### Aim of the exercise
Whichever lines include the word "CARD", copy them as they appear in the data.

### Information
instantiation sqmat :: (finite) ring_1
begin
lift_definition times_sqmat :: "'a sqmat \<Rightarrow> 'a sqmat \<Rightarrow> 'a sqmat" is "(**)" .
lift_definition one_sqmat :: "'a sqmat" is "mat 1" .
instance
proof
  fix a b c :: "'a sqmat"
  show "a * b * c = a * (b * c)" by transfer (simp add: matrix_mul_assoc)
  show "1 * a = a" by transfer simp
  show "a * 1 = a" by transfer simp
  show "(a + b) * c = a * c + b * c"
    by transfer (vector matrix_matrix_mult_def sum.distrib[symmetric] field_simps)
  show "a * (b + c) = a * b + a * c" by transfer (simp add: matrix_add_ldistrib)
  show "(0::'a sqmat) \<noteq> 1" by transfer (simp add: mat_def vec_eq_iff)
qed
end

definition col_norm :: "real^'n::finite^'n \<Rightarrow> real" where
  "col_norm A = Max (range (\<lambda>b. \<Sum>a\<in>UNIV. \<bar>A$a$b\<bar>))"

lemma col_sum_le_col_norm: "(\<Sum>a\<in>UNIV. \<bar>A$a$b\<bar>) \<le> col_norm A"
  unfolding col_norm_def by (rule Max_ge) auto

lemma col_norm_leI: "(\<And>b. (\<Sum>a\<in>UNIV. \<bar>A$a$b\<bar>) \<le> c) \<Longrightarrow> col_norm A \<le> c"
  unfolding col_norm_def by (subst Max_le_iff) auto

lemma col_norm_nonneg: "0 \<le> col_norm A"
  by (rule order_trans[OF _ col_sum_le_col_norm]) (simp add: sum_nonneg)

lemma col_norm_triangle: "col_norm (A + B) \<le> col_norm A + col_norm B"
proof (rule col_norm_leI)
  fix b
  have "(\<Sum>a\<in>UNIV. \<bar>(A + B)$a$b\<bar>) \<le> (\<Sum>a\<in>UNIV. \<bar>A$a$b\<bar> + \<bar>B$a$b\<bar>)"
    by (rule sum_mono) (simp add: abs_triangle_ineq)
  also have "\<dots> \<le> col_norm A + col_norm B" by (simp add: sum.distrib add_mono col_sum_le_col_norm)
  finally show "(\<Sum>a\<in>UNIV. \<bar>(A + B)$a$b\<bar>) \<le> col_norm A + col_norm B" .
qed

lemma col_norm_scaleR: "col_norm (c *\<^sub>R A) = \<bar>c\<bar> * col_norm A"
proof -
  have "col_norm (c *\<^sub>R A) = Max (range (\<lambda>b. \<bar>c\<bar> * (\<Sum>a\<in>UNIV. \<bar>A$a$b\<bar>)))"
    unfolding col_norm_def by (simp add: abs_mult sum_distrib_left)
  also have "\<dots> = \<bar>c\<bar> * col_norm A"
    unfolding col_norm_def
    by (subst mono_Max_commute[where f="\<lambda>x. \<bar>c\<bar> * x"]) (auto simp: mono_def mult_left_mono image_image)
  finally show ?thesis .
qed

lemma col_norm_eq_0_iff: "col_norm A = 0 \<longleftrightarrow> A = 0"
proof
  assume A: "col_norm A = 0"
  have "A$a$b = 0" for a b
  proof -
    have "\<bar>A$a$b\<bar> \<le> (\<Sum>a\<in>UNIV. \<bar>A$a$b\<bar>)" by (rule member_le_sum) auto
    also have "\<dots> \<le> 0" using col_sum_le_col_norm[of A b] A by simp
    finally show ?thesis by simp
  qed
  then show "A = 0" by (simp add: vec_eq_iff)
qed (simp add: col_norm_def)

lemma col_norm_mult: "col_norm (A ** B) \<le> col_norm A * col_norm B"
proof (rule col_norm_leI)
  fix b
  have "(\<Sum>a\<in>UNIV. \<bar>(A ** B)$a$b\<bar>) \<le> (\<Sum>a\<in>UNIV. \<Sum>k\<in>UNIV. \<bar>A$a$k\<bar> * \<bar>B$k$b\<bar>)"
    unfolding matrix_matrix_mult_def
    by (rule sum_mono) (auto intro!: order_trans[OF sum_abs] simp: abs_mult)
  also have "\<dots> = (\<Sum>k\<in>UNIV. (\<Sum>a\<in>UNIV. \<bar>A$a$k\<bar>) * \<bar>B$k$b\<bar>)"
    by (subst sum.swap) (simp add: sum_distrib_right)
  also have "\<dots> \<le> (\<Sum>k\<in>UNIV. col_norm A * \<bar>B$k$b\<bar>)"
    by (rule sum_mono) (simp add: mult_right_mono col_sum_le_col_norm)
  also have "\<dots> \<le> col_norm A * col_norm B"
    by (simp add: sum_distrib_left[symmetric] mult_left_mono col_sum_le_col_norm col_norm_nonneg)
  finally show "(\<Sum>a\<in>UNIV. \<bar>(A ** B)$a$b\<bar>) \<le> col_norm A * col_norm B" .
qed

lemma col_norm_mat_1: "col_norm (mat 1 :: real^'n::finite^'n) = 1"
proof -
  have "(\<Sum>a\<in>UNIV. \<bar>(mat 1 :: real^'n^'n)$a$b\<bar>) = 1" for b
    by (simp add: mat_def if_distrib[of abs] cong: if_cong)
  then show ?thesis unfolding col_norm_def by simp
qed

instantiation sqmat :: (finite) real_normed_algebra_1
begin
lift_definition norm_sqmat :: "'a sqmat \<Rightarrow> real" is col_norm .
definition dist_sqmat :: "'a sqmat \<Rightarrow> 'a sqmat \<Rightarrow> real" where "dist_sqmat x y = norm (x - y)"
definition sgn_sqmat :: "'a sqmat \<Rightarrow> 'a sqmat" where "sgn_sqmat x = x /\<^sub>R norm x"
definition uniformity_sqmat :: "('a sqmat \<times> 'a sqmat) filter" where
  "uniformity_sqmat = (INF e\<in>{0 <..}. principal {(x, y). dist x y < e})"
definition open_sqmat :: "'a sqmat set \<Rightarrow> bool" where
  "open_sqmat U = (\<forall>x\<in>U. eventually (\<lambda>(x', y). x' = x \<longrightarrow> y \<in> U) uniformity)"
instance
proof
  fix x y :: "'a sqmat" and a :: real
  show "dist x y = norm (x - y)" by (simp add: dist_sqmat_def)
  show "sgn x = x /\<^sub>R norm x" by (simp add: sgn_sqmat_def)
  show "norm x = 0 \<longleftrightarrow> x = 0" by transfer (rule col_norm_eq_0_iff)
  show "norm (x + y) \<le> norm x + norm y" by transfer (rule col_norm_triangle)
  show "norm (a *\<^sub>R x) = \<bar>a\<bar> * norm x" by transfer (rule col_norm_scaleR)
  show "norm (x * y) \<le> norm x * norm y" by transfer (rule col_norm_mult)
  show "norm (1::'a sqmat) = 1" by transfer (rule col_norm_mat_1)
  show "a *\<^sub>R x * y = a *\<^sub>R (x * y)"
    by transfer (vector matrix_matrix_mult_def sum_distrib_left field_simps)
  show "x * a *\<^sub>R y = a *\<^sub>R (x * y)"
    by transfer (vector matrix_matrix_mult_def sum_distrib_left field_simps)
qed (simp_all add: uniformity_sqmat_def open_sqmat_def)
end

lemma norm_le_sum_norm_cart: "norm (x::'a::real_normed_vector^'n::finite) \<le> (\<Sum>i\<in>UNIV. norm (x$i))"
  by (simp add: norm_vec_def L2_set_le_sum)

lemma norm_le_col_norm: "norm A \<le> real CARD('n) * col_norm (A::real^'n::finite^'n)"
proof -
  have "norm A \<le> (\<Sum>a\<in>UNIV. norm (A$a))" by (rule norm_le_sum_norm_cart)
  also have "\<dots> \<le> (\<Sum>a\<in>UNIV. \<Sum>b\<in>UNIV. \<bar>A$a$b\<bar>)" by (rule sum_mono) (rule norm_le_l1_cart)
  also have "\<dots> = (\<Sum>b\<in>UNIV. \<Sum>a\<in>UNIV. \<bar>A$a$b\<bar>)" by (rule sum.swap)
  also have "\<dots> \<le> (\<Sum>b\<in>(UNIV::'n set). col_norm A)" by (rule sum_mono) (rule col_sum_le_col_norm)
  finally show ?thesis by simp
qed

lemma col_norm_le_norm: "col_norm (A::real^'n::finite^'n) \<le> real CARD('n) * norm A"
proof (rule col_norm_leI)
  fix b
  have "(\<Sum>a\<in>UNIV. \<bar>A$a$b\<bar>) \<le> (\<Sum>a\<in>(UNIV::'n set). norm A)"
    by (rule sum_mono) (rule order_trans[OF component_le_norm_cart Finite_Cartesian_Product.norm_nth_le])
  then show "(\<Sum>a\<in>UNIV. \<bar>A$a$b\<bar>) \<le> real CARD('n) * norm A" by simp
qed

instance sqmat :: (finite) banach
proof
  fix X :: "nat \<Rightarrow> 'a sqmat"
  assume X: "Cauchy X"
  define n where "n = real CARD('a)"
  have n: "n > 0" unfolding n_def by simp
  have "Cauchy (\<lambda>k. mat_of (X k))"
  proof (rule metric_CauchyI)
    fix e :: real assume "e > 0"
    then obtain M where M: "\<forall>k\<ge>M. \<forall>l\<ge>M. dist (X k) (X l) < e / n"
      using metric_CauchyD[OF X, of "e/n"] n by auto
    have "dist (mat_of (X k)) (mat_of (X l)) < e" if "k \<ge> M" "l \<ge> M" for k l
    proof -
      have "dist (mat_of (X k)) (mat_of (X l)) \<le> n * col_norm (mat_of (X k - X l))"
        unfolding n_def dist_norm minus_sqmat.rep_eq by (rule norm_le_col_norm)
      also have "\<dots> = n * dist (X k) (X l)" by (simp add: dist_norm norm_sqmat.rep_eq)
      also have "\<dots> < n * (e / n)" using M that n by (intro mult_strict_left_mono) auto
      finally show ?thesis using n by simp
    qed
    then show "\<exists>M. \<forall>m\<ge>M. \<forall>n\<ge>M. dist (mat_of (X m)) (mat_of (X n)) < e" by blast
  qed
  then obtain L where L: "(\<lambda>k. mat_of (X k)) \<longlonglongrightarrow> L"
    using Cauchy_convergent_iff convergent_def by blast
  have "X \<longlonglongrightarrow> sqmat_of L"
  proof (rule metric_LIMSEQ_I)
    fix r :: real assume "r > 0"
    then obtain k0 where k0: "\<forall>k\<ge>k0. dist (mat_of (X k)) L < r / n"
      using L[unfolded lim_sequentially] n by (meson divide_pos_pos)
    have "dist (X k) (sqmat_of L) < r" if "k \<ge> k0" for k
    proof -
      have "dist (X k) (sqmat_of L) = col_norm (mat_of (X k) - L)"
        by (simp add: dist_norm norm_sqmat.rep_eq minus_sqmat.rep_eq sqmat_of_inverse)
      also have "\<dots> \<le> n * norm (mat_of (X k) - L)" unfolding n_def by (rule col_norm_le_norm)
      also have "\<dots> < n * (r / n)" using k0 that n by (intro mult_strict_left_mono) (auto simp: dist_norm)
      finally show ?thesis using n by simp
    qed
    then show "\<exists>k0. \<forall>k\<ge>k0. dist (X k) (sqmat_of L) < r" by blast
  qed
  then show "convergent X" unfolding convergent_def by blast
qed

### Completed exercise
lemma norm_le_col_norm: "norm A \<le> real CARD('n) * col_norm (A::real^'n::finite^'n)"
lemma col_norm_le_norm: "col_norm (A::real^'n::finite^'n) \<le> real CARD('n) * norm A"
  then show "(\<Sum>a\<in>UNIV. \<bar>A$a$b\<bar>) \<le> real CARD('n) * norm A" by simp
  define n where "n = real CARD('a)"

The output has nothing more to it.